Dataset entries
# # # # # # #

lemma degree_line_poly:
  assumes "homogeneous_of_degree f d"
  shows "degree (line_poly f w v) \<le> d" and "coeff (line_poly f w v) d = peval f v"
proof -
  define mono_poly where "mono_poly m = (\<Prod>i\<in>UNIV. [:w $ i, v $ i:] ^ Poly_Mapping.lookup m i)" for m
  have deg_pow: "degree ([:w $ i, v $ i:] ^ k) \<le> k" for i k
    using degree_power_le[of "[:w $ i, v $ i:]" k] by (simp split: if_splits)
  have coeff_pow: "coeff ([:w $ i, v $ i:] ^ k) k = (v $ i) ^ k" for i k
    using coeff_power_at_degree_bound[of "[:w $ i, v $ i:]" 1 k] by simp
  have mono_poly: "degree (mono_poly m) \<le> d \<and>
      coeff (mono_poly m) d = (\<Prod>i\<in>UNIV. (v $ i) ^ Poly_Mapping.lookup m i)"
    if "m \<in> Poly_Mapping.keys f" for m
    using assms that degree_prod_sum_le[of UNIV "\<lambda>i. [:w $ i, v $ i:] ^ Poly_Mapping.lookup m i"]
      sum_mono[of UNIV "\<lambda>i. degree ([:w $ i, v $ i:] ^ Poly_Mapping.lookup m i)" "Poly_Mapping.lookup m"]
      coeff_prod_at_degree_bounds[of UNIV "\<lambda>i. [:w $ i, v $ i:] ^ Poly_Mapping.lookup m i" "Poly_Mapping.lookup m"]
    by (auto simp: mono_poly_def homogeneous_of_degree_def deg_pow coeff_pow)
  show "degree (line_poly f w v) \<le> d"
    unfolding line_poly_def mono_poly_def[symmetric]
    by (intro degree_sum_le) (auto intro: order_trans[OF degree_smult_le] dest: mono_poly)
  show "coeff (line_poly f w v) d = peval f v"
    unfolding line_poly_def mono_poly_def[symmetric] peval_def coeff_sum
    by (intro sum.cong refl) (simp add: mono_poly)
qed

# # # # # # #

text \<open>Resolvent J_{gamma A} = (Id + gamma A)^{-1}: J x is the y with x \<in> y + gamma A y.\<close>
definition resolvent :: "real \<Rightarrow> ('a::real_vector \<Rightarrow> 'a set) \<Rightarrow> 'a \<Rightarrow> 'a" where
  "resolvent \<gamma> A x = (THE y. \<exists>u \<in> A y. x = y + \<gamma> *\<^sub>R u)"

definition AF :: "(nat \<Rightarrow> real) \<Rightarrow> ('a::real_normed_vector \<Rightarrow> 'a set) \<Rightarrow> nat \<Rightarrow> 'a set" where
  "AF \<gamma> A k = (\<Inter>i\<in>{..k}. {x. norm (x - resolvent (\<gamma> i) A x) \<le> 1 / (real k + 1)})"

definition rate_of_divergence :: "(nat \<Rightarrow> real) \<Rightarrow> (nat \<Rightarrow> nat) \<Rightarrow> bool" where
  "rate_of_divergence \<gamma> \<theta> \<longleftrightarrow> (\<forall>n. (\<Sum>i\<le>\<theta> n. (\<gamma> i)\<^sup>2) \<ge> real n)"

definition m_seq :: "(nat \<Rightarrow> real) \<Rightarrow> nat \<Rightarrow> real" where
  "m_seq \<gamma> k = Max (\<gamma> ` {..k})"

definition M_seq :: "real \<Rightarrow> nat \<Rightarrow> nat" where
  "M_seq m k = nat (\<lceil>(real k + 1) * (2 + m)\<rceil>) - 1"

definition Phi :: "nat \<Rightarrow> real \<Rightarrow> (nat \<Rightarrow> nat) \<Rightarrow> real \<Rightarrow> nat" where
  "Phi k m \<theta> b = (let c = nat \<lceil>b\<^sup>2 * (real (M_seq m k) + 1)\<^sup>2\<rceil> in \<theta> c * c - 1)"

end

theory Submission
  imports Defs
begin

# # # # # # #

*Task description*.
Show every line above in which the word "lambda" occurs.

*Reply to the exercise*.
    using assms that degree_prod_sum_le[of UNIV "\<lambda>i. [:w $ i, v $ i:] ^ Poly_Mapping.lookup m i"]
      sum_mono[of UNIV "\<lambda>i. degree ([:w $ i, v $ i:] ^ Poly_Mapping.lookup m i)" "Poly_Mapping.lookup m"]
      coeff_prod_at_degree_bounds[of UNIV "\<lambda>i. [:w $ i, v $ i:] ^ Poly_Mapping.lookup m i" "Poly_Mapping.lookup m"]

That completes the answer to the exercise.